I originally posted this in the Andre Johnson hammy injury: Early reports say "not serious" thread.

The thing that I've noticed and has been bothering me is that right when the players hit the field for pregame "warmups," they begin their stretching exercises.

After speaking to Infrantrycak, I thought I needed to post this to clarify my concerns on the injury front.
Want a better workout? Don't stretch before
Do a light jog or sport-specific warm-up, experts say


By Maria Cheng AP Medical Writer

LONDON - Want a better workout? Then don't stretch beforehand, some experts say.

Many people take it for granted that they should start their exercise routines with some stretching on the spot, perhaps hoping it will loosen them up for their workout. Most fitness experts now agree this kind of static stretching before exercise is not just counter-productive, but potentially harmful.

Traditional stretches, like when people bend over to touch their toes or stretch their legs on a fence, often cause the muscles to tighten rather than relax - exactly the opposite of what is needed for physical activity.

Experts say it is like extending a rubber band to its limit. When people stretch to the maximum, they are more likely to pull a muscle.

"We have developed this idea of static stretching at exactly the wrong time," said Kieran O'Sullivan, an exercise expert at the University of Limerick in Ireland, who has studied various types of stretching and their impact on athletes.

When you stretch before exercising, your body may think it's at risk of being overstretched. It compensates by contracting and becoming more tense.

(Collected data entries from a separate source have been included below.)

(*
  Write lambda_n = lambda(Q, P_n), let x be a principal eigenvector of an extremal H_n, and let
  t = x_v^p for a vertex v where x is minimal. Moving x_v alone cannot increase P_{Q,H}
  relative to the s/p-th power of the p-norm, which yields the Lagrange identity
  x_v dP/dx_v = s lambda_n t. Deleting v and rescaling the remaining entries to unit norm thus gives
  lambda_{n-1} >= lambda_n (1 - s t) (1 - t)^(-s/p).
  If t stayed below (1/n)(1 - p/((p-1) s log n)) for all large n, this factor would beat the
  ratio of the weights n^(s/p-s) sqrt(log n) at n and n-1, so lambda_n n^(s/p-s) sqrt(log n)
  would be eventually nonincreasing; as sqrt(log n) diverges, lambda_n n^(s/p-s) would tend
  to 0, contradicting lambda(Q, P) > 0.
*)
theory Submission
  imports Defs "HOL-Real_Asymp.Real_Asymp"
begin

section \<open>The polynomial $P_{Q,H}$ and its maximum on the unit sphere\<close>

lemma verts_pair [simp]: "verts (V, E) = V"
  by (simp add: verts_def)

lemma verts_induced [simp]: "verts (induced H I) = I"
  by (simp add: induced_def verts_def)

lemma induced_induced: "I \<subseteq> J \<Longrightarrow> induced (induced H J) I = induced H I"
  by (auto simp: induced_def edges_def verts_def)

text \<open>The partial derivative $\partial P_{Q,H}/\partial x_v$; as $P_{Q,H}$ is multilinear it does not
  depend on $x_v$.\<close>
definition PQ_partial :: "hgraph \<Rightarrow> hgraph \<Rightarrow> nat \<Rightarrow> (nat \<Rightarrow> real) \<Rightarrow> real" where
  "PQ_partial Q H v x = fact (card (verts Q)) *
     (\<Sum>I\<in>{I. I \<subseteq> verts H \<and> card I = card (verts Q) \<and> v \<in> I}.
        real (Ncopies Q (induced H I)) * (\<Prod>i\<in>I - {v}. x i))"

lemma PQ_fun_upd:
  assumes "finite (verts H)" "v \<in> verts H"
  shows "PQ Q H (x(v := w)) = PQ Q (induced H (verts H - {v})) x + w * PQ_partial Q H v x"
proof -
  let ?k = "card (verts Q)"
  let ?c = "\<lambda>I. real (Ncopies Q (induced H I))"
  let ?f = "\<lambda>I. ?c I * (\<Prod>i\<in>I. (x(v := w)) i)"
  let ?without = "{I. I \<subseteq> verts H - {v} \<and> card I = ?k}"
  let ?with = "{I. I \<subseteq> verts H \<and> card I = ?k \<and> v \<in> I}"
  have fin: "finite ?without" "finite ?with"
    using assms(1) by (auto intro: finite_subset[OF _ finite_Collect_subsets])
  have "{I. I \<subseteq> verts H \<and> card I = ?k} = ?without \<union> ?with"
    by auto
  then have "sum ?f {I. I \<subseteq> verts H \<and> card I = ?k} = sum ?f ?without + sum ?f ?with"
    using fin by (simp only:) (rule sum.union_disjoint; auto)
  moreover have "sum ?f ?without =
      (\<Sum>I\<in>{I. I \<subseteq> verts (induced H (verts H - {v})) \<and> card I = ?k}.
         real (Ncopies Q (induced (induced H (verts H - {v})) I)) * (\<Prod>i\<in>I. x i))"
    by (intro sum.cong refl arg_cong2[where f = "(*)"] prod.cong) (auto simp: induced_induced)
  moreover have "?f I = w * (?c I * (\<Prod>i\<in>I - {v}. x i))" if "I \<in> ?with" for I
  proof -
    have "finite I"
      using that assms(1) finite_subset by blast
    then have "(\<Prod>i\<in>I. (x(v := w)) i) = w * (\<Prod>i\<in>I - {v}. (x(v := w)) i)"
      using that prod.remove[of I v "x(v := w)"] by simp
    also have "(\<Prod>i\<in>I - {v}. (x(v := w)) i) = (\<Prod>i\<in>I - {v}. x i)"
      by (rule prod.cong) auto
    finally show ?thesis
      by simp
  qed
  then have "sum ?f ?with = w * (\<Sum>I\<in>?with. ?c I * (\<Prod>i\<in>I - {v}. x i))"
    unfolding sum_distrib_left by (intro sum.cong) auto
  ultimately show ?thesis
    unfolding PQ_def PQ_partial_def by (simp add: algebra_simps)
qed

lemma PQ_split:
  assumes "finite (verts H)" "v \<in> verts H"
  shows "PQ Q H x = PQ Q (induced H (verts H - {v})) x + x v * PQ_partial Q H v x"
  using PQ_fun_upd[OF assms, of Q x "x v"] by simp

lemma PQ_scale: "PQ Q H (\<lambda>i. c * x i) = c ^ card (verts Q) * PQ Q H x"
proof -
  have "real (Ncopies Q (induced H I)) * (\<Prod>i\<in>I. c * x i)
      = c ^ card (verts Q) * (real (Ncopies Q (induced H I)) * (\<Prod>i\<in>I. x i))"
    if "card I = card (verts Q)" for I
    using that by (simp add: prod.distrib)
  then have "(\<Sum>I\<in>{I. I \<subseteq> verts H \<and> card I = card (verts Q)}.
        real (Ncopies Q (induced H I)) * (\<Prod>i\<in>I. c * x i))
    = c ^ card (verts Q) * (\<Sum>I\<in>{I. I \<subseteq> verts H \<and> card I = card (verts Q)}.
        real (Ncopies Q (induced H I)) * (\<Prod>i\<in>I. x i))"
    unfolding sum_distrib_left by (intro sum.cong) auto
  then show ?thesis
    unfolding PQ_def by simp
qed

lemma PQ_nonneg: "(\<And>i. i \<in> verts H \<Longrightarrow> 0 \<le> x i) \<Longrightarrow> 0 \<le> PQ Q H x"
  unfolding PQ_def by (intro mult_nonneg_nonneg sum_nonneg prod_nonneg) auto

lemma pnorm_one_abs_le_1:
  assumes "p > 0" "finite V" "pnorm_one p V y" "i \<in> V"
  shows "\<bar>y i\<bar> \<le> 1"
proof -
  have "\<bar>y i\<bar> powr p \<le> (\<Sum>j\<in>V. \<bar>y j\<bar> powr p)"
    using assms(2,4) by (intro member_le_sum) auto
  then have "\<bar>y i\<bar> powr p \<le> 1 powr p"
    using assms(3) unfolding pnorm_one_def by simp
  then show ?thesis
    using assms(1) powr_less_mono2[of p 1 "\<bar>y i\<bar>"] by fastforce
qed

lemma Ncopies_induced_le:
  assumes "finite I"
  shows "Ncopies Q (induced H I) \<le> 2 ^ card I * 2 ^ 2 ^ card I"
proof -
  have "Ncopies Q (induced H I) \<le> card (Pow I \<times> Pow (Pow I))"
    unfolding Ncopies_def using assms
    by (intro card_mono) (auto simp: induced_def edges_def)
  then show ?thesis
    using assms by (simp add: card_cartesian_product card_Pow)
qed

lemma PQ_le_on_sphere:
  assumes "p > 0" "finite (verts H)" "pnorm_one p (verts H) y"
  shows "PQ Q H y \<le> fact (card (verts Q)) * 2 ^ card (verts H) * 2 ^ card (verts Q) * 2 ^ 2 ^ card (verts Q)"
proof -
  let ?k = "card (verts Q)"
  let ?J = "{I. I \<subseteq> verts H \<and> card I = ?k}"
  have term_le: "real (Ncopies Q (induced H I)) * (\<Prod>i\<in>I. y i) \<le> 2 ^ ?k * 2 ^ 2 ^ ?k"
    if "I \<in> ?J" for I
  proof -
    have "finite I"
      using that assms(2) finite_subset by auto
    then have "real (Ncopies Q (induced H I)) \<le> real (2 ^ ?k * 2 ^ 2 ^ ?k)"
      using that Ncopies_induced_le[of I Q H] by (intro of_nat_mono) auto
    then have "real (Ncopies Q (induced H I)) \<le> 2 ^ ?k * 2 ^ 2 ^ ?k"
      by simp
    moreover have "\<bar>\<Prod>i\<in>I. y i\<bar> \<le> 1"
      unfolding abs_prod using that pnorm_one_abs_le_1[OF assms] by (intro prod_le_1) auto
    ultimately show ?thesis
      by (smt (verit) abs_ge_self mult_left_le mult_mono of_nat_0_le_iff)
  qed
  have "card ?J \<le> card (Pow (verts H))"
    using assms(2) by (intro card_mono) auto
  then have "real (card ?J) \<le> 2 ^ card (verts H)"
    using assms(2) by (simp add: card_Pow flip: of_nat_le_iff)
  have "(\<Sum>I\<in>?J. real (Ncopies Q (induced H I)) * (\<Prod>i\<in>I. y i))
      \<le> real (card ?J) * (2 ^ ?k * 2 ^ 2 ^ ?k)"
    using term_le by (intro sum_bounded_above) auto
  also have "\<dots> \<le> 2 ^ card (verts H) * (2 ^ ?k * 2 ^ 2 ^ ?k)"
    using \<open>real (card ?J) \<le> 2 ^ card (verts H)\<close> by (intro mult_right_mono) auto
  finally have "(\<Sum>I\<in>?J. real (Ncopies Q (induced H I)) * (\<Prod>i\<in>I. y i))
      \<le> 2 ^ card (verts H) * (2 ^ ?k * 2 ^ 2 ^ ?k)" .
  then show ?thesis
    unfolding PQ_def by (simp add: mult.assoc mult_left_mono)
qed

lemma bdd_above_PQ_sphere:
  assumes "p > 0" "finite (verts H)"
  shows "bdd_above {PQ Q H x | x. pnorm_one p (verts H) x}"
  using PQ_le_on_sphere[OF assms] by (intro bdd_aboveI) blast

lemma PQ_le_lam:
  assumes "p > 0" "finite (verts H)" "pnorm_one p (verts H) y"
  shows "PQ Q H y \<le> lam p Q H"
  unfolding lam_def using assms bdd_above_PQ_sphere by (intro cSup_upper) auto

lemma pnorm_one_indicator:
  assumes "finite V" "v \<in> V"
  shows "pnorm_one p V (\<lambda>i. if i = v then 1 else 0)"
proof -
  have "(\<Sum>i\<in>V. \<bar>if i = v then 1 else 0 :: real\<bar> powr p) = (\<Sum>i\<in>V. if i = v then 1 else 0)"
    by (intro sum.cong) auto
  then show ?thesis
    using assms unfolding pnorm_one_def by simp
qed

lemma lam_le:
  assumes "p > 0" "finite (verts H)" "verts H \<noteq> {}"
  shows "lam p Q H \<le> fact (card (verts Q)) * 2 ^ card (verts H) * 2 ^ card (verts Q) * 2 ^ 2 ^ card (verts Q)"
  unfolding lam_def
proof (rule cSup_least)
  obtain v where "v \<in> verts H"
    using assms(3) by auto
  then show "{PQ Q H x |x. pnorm_one p (verts H) x} \<noteq> {}"
    using pnorm_one_indicator assms(2) by blast
qed (use PQ_le_on_sphere[OF assms(1,2)] in blast)

lemma lam_le_lamPn:
  assumes "p > 0" "H \<in> \<P>" "card (verts H) = n" "n \<ge> 1"
  shows "lam p Q H \<le> lamPn p Q \<P> n"
  unfolding lamPn_def
proof (rule cSup_upper)
  show "bdd_above {lam p Q H |H. H \<in> \<P> \<and> card (verts H) = n}"
  proof (rule bdd_aboveI)
    fix z assume "z \<in> {lam p Q H |H. H \<in> \<P> \<and> card (verts H) = n}"
    then obtain H' where "z = lam p Q H'" "card (verts H') = n"
      by auto
    moreover have "finite (verts H')" "verts H' \<noteq> {}"
      using \<open>card (verts H') = n\<close> assms(4) card_ge_0_finite by force+
    ultimately show "z \<le> fact (card (verts Q)) * 2 ^ n * 2 ^ card (verts Q) * 2 ^ 2 ^ card (verts Q)"
      using lam_le[OF assms(1)] by blast
  qed
qed (use assms(2,3) in blast)

lemma PQ_le_lam_mult_powr:
  assumes "p > 0" "finite (verts H)" and S: "S = (\<Sum>i\<in>verts H. \<bar>z i\<bar> powr p)" "S > 0"
  shows "PQ Q H z \<le> lam p Q H * S powr (card (verts Q) / p)"
proof -
  let ?k = "card (verts Q)"
  define c where "c = S powr (-1 / p)"
  have "c > 0"
    unfolding c_def using S by simp
  have "c powr p = 1 / S"
    unfolding c_def powr_powr using assms(1) S by (simp add: powr_minus_divide)
  moreover have "(\<Sum>i\<in>verts H. \<bar>c * z i\<bar> powr p) = c powr p * S"
    unfolding S(1) sum_distrib_left using \<open>c > 0\<close> by (simp add: abs_mult powr_mult)
  ultimately have "pnorm_one p (verts H) (\<lambda>i. c * z i)"
    unfolding pnorm_one_def using \<open>S > 0\<close> by simp
  then have "c ^ ?k * PQ Q H z \<le> lam p Q H"
    using PQ_le_lam[OF assms(1,2)] PQ_scale by metis
  moreover have "S powr (?k / p) * c ^ ?k = 1"
    unfolding c_def using S
    by (simp add: powr_realpow[symmetric] powr_powr powr_add[symmetric])
  ultimately have "PQ Q H z = S powr (?k / p) * (c ^ ?k * PQ Q H z)"
    by (metis mult.assoc mult_1)
  also have "\<dots> \<le> S powr (?k / p) * lam p Q H"
    using \<open>c ^ ?k * PQ Q H z \<le> lam p Q H\<close> by (intro mult_left_mono) auto
  finally show ?thesis
    by (simp add: mult.commute)
qed

section \<open>Deleting a vertex of an extremal graph\<close>

lemma pnorm_one_sum_remove:
  assumes "finite V" "v \<in> V" "pnorm_one p V x" "x v \<ge> 0"
  shows "(\<Sum>i\<in>V - {v}. \<bar>x i\<bar> powr p) = 1 - x v powr p"
  using assms sum.remove[of V v "\<lambda>i. \<bar>x i\<bar> powr p"] unfolding pnorm_one_def by simp

text \<open>The Lagrange condition at a positive coordinate of a principal eigenvector: moving $x_v$
  alone keeps $P_{Q,H}$ below $\lambda$ times the $s/p$-th power of the norm, with equality at $x_v$,
  so the derivatives in $x_v$ of both sides agree.\<close>
lemma principal_eigvec_PQ_partial:
  assumes p: "p > 1" and fin: "finite (verts H)" and v: "v \<in> verts H"
    and pe: "principal_eigvec p Q H x" and pos: "x v > 0"
  shows "PQ_partial Q H v x = card (verts Q) * lam p Q H * x v powr (p - 1)"
proof -
  let ?k = "card (verts Q)"
  define A where "A = PQ Q (induced H (verts H - {v})) x"
  define B where "B = PQ_partial Q H v x"
  define L where "L = lam p Q H"
  define c where "c = (\<Sum>i\<in>verts H - {v}. \<bar>x i\<bar> powr p)"
  define N where "N w = c + w powr p" for w
  define h where "h w = L * N w powr (?k / p) - w * B" for w
  have pn: "pnorm_one p (verts H) x" and "PQ Q H x = L"
    using pe unfolding principal_eigvec_def L_def by auto
  then have "A + x v * B = L"
    using PQ_split[OF fin v] unfolding A_def B_def by simp
  have "c = 1 - x v powr p"
    unfolding c_def using pnorm_one_sum_remove[OF fin v pn] pos by simp
  then have N1: "N (x v) = 1"
    unfolding N_def by simp
  have "c \<ge> 0"
    unfolding c_def by (intro sum_nonneg) auto
  have h_ge: "h (x v) \<le> h w" if "w > 0" for w
  proof -
    have "(\<Sum>i\<in>verts H - {v}. \<bar>(x(v := w)) i\<bar> powr p) = c"
      unfolding c_def by (intro sum.cong) auto
    then have "(\<Sum>i\<in>verts H. \<bar>(x(v := w)) i\<bar> powr p) = N w"
      using sum.remove[OF fin v, of "\<lambda>i. \<bar>(x(v := w)) i\<bar> powr p"] that
      unfolding N_def by simp
    moreover have "N w > 0"
      unfolding N_def using \<open>c \<ge> 0\<close> that by (simp add: add_nonneg_pos)
    ultimately have "PQ Q H (x(v := w)) \<le> L * N w powr (?k / p)"
      unfolding L_def using p fin by (intro PQ_le_lam_mult_powr) auto
    then have "A + w * B \<le> L * N w powr (?k / p)"
      using PQ_fun_upd[OF fin v] unfolding A_def B_def by simp
    then show ?thesis
      unfolding h_def using N1 \<open>A + x v * B = L\<close> by simp
  qed
  have "DERIV N (x v) :> p * x v powr (p - 1)"
    unfolding N_def using has_real_derivative_powr[OF pos] pos by (auto intro!: derivative_eq_intros)
  then have "DERIV h (x v) :> L * ((?k / p) * (p * x v powr (p - 1))) - B"
    unfolding h_def using N1 p by (auto intro!: derivative_eq_intros DERIV_fun_powr[THEN DERIV_cong])
  then have "DERIV h (x v) :> L * ?k * x v powr (p - 1) - B"
    using p by (simp add: mult.assoc)
  moreover have "\<forall>w. \<bar>x v - w\<bar> < x v \<longrightarrow> h (x v) \<le> h w"
    using h_ge by auto
  ultimately have "L * ?k * x v powr (p - 1) - B = 0"
    using pos DERIV_local_min by blast
  then show ?thesis
    unfolding B_def L_def by (simp add: algebra_simps)
qed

That means you aren't able to move as fast or as freely, making you more likely to get hurt.

O'Sullivan said stretching helps with flexibility, but people should only do it when they aren't about to exercise, like after a workout, or at the end of the day.

"It's like weight training to become stronger," he said. "You wouldn't do a weight session right before you exercise, and you shouldn't stretch right before either."

In the last few years, several studies have found static stretching before playing a sport makes you slower and weaker.

And when experts at the U.S. Centers for Disease Control and Prevention combed through more than 100 papers looking at stretching studies, they found people who stretched before exercise were no less likely to suffer injuries such as a pulled muscle, which the increased flexibility from stretching is supposed to prevent.

Warm up with a light jog

Instead of stretching, many experts recommend warming up with a light jog or sport-specific exercise, like kicking for football or a few serves for tennis. That type of light movement increases the heart rate and blood flow to the muscles, warming up the body temperature.

"This allows you to approach your full range of motion, but in a very controlled way," said Dr. Anders Cohen, chief of neurosurgery and spine surgery at the Brooklyn Hospital Center and former physician for the U.S. Tennis Open. Cohen said elite athletes in all sports are increasingly ditching static stretching and using other warm-up techniques instead.

But the message has yet to trickle down to legions of joggers and recreational athletes. "This is classic, old-school stretching that has been done for generations," Cohen said. "It's going to be very hard to convince people to start doing something different."

There's more news for the traditionalists: research shows static stretching doesn't work as well as more active kinds of stretching that incorporate movement, such as lunges.

In a study published earlier this year in the Clinical Journal of Sport Medicine, Roberto Meroni of the University of Milan and colleagues found people who stretched using conventional techniques, like bending over to touch their toes, were less flexible than those who did a more active type of stretching that used more muscle groups.

Meroni said static stretching simply forces the muscle being stretched to endure the pain of that stretch. With active stretches that work more muscles, the stretched muscles learn to extend while another group is working.

Those types of stretches are commonly used in yoga, which emphasizes how the body is aligned during stretches, not just flexibility. Many yoga poses involve the whole body and focus not only on stretching a particular muscle, but the ligaments, tendons and joints around it.

Still, experts don't discount static stretching entirely. Lynn Millar, a fellow of the American College of Sports Medicine, said they recommend people stretch several times a week and that most types of stretching work.

Maximizing the benefits of stretching may simply boil down to a matter of when you do it and how, according to Jonny Booth, a health and fitness manager at a north London branch of gym chain Fitness First.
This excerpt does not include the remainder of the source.